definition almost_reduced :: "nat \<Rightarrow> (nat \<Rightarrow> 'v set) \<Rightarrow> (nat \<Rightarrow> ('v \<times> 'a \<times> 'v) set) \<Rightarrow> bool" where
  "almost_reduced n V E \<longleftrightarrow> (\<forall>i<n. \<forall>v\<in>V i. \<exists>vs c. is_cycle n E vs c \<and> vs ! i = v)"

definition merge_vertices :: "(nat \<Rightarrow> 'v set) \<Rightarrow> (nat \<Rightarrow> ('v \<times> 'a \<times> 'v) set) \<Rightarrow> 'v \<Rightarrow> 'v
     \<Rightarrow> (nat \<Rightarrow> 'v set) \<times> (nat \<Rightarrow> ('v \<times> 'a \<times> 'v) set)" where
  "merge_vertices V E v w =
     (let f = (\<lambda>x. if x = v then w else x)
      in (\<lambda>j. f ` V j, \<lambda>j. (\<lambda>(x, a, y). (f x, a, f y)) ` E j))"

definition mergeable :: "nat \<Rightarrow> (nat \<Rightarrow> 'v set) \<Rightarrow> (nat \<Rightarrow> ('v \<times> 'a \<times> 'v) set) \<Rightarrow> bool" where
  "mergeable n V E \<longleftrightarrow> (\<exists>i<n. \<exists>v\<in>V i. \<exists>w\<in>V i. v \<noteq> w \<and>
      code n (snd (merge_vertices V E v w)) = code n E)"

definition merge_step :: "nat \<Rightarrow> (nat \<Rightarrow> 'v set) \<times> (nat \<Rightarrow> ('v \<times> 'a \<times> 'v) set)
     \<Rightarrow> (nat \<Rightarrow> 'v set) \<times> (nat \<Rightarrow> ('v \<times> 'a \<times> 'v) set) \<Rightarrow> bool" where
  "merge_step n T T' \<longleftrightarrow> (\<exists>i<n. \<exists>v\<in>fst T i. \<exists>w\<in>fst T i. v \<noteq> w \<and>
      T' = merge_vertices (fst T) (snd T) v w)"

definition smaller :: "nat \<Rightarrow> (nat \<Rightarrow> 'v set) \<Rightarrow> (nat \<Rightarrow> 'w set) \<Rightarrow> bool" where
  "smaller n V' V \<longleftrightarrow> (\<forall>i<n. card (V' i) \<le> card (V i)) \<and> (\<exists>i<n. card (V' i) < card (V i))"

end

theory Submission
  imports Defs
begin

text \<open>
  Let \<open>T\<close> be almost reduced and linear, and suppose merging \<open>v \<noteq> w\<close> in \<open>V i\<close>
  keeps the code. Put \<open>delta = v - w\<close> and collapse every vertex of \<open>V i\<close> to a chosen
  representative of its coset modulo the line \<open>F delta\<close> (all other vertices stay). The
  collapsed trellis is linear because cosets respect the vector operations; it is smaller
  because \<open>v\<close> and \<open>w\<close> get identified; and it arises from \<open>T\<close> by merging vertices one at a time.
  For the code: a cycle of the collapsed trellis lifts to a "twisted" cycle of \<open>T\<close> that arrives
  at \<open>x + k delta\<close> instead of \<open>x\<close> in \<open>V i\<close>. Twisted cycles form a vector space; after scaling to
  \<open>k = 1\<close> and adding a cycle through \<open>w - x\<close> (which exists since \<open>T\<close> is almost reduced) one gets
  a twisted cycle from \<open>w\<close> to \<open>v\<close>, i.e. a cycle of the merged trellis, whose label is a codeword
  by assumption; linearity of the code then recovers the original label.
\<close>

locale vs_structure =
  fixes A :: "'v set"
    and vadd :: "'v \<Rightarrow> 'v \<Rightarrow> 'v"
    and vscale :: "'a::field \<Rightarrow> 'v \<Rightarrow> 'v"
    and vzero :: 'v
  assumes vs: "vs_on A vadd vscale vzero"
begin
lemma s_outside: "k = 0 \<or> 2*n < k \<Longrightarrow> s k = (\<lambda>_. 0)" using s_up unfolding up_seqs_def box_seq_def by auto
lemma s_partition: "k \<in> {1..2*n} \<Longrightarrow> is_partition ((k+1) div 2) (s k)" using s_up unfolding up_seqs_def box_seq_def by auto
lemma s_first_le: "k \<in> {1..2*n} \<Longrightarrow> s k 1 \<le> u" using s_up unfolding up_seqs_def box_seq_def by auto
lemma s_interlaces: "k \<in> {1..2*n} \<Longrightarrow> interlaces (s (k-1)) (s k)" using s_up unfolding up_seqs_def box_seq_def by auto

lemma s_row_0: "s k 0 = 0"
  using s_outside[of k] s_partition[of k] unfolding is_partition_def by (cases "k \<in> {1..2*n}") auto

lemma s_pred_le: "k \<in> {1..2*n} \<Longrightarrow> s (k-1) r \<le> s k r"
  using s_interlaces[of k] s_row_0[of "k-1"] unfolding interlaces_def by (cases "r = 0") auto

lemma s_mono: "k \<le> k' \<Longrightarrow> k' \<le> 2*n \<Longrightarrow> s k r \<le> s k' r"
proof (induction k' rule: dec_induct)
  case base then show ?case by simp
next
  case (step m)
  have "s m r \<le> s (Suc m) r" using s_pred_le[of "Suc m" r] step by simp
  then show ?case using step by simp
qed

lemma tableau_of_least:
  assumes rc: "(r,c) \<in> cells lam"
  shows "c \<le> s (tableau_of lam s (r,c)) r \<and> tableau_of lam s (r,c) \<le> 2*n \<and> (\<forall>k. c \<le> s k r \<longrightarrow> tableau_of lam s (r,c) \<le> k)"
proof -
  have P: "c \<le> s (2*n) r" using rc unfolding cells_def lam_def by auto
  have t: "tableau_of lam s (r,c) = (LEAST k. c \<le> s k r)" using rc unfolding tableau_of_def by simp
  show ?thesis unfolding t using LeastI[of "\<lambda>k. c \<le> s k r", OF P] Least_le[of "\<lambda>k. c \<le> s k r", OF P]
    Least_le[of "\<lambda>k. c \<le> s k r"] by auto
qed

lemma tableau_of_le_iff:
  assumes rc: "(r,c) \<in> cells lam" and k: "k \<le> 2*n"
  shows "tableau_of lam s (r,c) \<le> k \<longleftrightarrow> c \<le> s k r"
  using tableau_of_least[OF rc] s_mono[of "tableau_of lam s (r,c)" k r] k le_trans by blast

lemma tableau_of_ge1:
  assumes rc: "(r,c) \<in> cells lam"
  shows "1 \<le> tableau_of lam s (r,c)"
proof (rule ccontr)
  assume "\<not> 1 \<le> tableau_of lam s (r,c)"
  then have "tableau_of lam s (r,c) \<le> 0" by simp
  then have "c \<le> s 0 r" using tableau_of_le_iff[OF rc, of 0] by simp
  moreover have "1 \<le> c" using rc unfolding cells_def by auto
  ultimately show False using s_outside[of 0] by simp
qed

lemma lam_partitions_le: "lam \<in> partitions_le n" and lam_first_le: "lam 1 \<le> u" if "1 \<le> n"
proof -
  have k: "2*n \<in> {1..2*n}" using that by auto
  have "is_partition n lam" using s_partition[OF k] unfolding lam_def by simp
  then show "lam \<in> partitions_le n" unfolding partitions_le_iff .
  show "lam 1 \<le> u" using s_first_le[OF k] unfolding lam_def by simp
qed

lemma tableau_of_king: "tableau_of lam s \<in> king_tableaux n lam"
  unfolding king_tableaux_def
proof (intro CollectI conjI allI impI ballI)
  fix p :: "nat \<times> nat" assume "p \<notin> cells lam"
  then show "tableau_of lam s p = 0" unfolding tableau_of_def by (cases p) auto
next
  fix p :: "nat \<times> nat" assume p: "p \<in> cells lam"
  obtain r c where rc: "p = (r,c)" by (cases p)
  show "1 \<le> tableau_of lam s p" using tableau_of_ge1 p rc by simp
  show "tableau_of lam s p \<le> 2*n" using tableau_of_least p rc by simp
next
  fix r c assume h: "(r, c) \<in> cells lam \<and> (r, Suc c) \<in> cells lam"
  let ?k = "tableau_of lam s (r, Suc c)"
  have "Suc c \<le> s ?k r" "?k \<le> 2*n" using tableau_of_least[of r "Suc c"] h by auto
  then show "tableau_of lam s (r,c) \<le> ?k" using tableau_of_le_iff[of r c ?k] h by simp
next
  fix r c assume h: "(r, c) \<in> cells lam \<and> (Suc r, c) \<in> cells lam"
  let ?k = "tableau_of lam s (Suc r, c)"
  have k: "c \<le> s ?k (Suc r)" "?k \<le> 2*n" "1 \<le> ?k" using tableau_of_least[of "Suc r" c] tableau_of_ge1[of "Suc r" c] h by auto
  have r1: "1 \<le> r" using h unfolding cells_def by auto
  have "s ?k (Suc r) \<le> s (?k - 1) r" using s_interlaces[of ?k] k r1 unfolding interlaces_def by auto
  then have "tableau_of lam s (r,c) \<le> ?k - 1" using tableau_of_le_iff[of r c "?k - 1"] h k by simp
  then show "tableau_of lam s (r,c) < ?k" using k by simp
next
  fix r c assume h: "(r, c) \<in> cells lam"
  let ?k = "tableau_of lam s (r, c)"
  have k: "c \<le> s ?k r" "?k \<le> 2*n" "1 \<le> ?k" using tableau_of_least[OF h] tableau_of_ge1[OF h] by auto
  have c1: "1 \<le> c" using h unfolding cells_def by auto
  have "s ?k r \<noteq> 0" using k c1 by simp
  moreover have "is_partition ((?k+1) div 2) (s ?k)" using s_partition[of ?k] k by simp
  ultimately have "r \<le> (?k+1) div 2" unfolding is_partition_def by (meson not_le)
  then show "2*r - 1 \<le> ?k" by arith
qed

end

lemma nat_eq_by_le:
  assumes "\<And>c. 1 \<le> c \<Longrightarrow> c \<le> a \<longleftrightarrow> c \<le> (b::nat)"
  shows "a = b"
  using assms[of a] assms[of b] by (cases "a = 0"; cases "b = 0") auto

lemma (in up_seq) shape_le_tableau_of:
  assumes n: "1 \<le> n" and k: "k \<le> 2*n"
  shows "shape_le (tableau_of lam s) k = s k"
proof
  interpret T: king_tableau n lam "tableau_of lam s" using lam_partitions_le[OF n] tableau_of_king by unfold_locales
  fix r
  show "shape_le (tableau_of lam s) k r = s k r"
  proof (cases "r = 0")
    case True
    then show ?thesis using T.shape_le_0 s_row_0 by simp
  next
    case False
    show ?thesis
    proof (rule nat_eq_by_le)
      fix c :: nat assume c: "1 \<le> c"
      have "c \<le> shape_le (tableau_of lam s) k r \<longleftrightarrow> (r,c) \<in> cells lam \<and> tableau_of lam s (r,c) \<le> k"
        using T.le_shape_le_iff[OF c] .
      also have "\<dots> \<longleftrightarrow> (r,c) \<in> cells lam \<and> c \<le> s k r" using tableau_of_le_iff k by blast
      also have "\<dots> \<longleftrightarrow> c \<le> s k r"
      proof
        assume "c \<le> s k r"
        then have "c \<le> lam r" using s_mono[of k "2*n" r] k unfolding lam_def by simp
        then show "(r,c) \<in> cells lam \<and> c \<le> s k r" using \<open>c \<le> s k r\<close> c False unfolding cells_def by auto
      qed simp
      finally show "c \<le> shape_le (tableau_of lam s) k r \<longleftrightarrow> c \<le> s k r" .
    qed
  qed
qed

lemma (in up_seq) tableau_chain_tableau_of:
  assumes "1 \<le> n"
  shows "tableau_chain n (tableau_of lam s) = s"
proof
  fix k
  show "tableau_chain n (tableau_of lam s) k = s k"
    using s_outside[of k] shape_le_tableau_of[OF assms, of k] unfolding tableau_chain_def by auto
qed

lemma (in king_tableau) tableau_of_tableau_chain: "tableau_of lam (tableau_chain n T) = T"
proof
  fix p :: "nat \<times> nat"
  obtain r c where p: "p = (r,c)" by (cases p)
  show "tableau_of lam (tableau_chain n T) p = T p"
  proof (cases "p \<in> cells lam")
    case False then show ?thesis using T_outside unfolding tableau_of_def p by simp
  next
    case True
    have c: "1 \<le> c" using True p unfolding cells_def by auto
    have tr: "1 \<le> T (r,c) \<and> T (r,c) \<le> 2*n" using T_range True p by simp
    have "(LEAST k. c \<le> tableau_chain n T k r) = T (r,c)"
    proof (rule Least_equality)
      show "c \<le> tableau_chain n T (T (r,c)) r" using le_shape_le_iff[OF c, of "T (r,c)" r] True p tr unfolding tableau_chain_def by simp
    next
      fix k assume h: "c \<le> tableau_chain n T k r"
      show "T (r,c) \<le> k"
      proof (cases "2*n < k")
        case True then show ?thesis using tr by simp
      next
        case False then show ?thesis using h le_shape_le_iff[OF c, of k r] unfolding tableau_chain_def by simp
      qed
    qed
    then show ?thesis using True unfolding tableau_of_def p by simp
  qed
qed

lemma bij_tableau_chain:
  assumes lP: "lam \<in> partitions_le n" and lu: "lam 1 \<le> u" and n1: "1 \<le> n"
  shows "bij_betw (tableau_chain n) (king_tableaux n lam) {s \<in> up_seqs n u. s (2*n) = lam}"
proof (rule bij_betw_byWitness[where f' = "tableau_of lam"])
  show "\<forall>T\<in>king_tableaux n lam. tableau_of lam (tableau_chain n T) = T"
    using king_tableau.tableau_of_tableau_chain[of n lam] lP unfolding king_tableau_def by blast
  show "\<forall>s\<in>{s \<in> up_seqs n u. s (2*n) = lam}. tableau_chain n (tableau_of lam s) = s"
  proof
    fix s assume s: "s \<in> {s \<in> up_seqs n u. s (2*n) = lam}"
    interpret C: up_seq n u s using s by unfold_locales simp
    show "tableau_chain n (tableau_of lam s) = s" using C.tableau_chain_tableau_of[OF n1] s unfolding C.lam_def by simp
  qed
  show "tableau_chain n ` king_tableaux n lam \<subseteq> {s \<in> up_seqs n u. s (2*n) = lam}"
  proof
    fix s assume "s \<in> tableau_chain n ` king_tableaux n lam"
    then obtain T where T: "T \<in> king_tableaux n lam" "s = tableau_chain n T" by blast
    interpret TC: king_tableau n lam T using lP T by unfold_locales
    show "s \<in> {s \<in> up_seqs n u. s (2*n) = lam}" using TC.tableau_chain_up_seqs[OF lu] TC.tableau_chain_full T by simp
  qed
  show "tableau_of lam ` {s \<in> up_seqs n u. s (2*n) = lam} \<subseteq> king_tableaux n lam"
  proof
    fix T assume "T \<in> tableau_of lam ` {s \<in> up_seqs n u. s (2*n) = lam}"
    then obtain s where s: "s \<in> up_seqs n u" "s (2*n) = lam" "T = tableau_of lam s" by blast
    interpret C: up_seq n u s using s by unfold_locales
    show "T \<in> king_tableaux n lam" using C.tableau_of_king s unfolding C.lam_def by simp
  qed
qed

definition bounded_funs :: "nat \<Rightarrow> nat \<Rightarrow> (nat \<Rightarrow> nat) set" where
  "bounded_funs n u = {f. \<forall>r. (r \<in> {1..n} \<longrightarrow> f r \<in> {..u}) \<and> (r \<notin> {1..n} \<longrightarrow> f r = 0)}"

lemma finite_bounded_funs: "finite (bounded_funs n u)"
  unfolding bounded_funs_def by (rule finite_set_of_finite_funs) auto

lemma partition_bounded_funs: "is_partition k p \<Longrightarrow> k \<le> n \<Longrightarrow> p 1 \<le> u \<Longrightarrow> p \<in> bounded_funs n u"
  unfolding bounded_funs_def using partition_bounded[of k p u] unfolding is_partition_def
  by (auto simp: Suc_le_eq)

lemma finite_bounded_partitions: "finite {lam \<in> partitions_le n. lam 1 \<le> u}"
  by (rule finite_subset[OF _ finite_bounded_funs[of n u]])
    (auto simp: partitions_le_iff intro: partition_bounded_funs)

= = = =

Copy, exactly and only, the lines above that begin with the one containing "text \<open>" and finish with the one containing "s k 1 \<le>".

▶ [ANSWER SECTION]:
text \<open>
  Let \<open>T\<close> be almost reduced and linear, and suppose merging \<open>v \<noteq> w\<close> in \<open>V i\<close>
  keeps the code. Put \<open>delta = v - w\<close> and collapse every vertex of \<open>V i\<close> to a chosen
  representative of its coset modulo the line \<open>F delta\<close> (all other vertices stay). The
  collapsed trellis is linear because cosets respect the vector operations; it is smaller
  because \<open>v\<close> and \<open>w\<close> get identified; and it arises from \<open>T\<close> by merging vertices one at a time.
  For the code: a cycle of the collapsed trellis lifts to a "twisted" cycle of \<open>T\<close> that arrives
  at \<open>x + k delta\<close> instead of \<open>x\<close> in \<open>V i\<close>. Twisted cycles form a vector space; after scaling to
  \<open>k = 1\<close> and adding a cycle through \<open>w - x\<close> (which exists since \<open>T\<close> is almost reduced) one gets
  a twisted cycle from \<open>w\<close> to \<open>v\<close>, i.e. a cycle of the merged trellis, whose label is a codeword
  by assumption; linearity of the code then recovers the original label.
\<close>

locale vs_structure =
  fixes A :: "'v set"
    and vadd :: "'v \<Rightarrow> 'v \<Rightarrow> 'v"
    and vscale :: "'a::field \<Rightarrow> 'v \<Rightarrow> 'v"
    and vzero :: 'v
  assumes vs: "vs_on A vadd vscale vzero"
begin
lemma s_outside: "k = 0 \<or> 2*n < k \<Longrightarrow> s k = (\<lambda>_. 0)" using s_up unfolding up_seqs_def box_seq_def by auto
lemma s_partition: "k \<in> {1..2*n} \<Longrightarrow> is_partition ((k+1) div 2) (s k)" using s_up unfolding up_seqs_def box_seq_def by auto
lemma s_first_le: "k \<in> {1..2*n} \<Longrightarrow> s k 1 \<le> u" using s_up unfolding up_seqs_def box_seq_def by auto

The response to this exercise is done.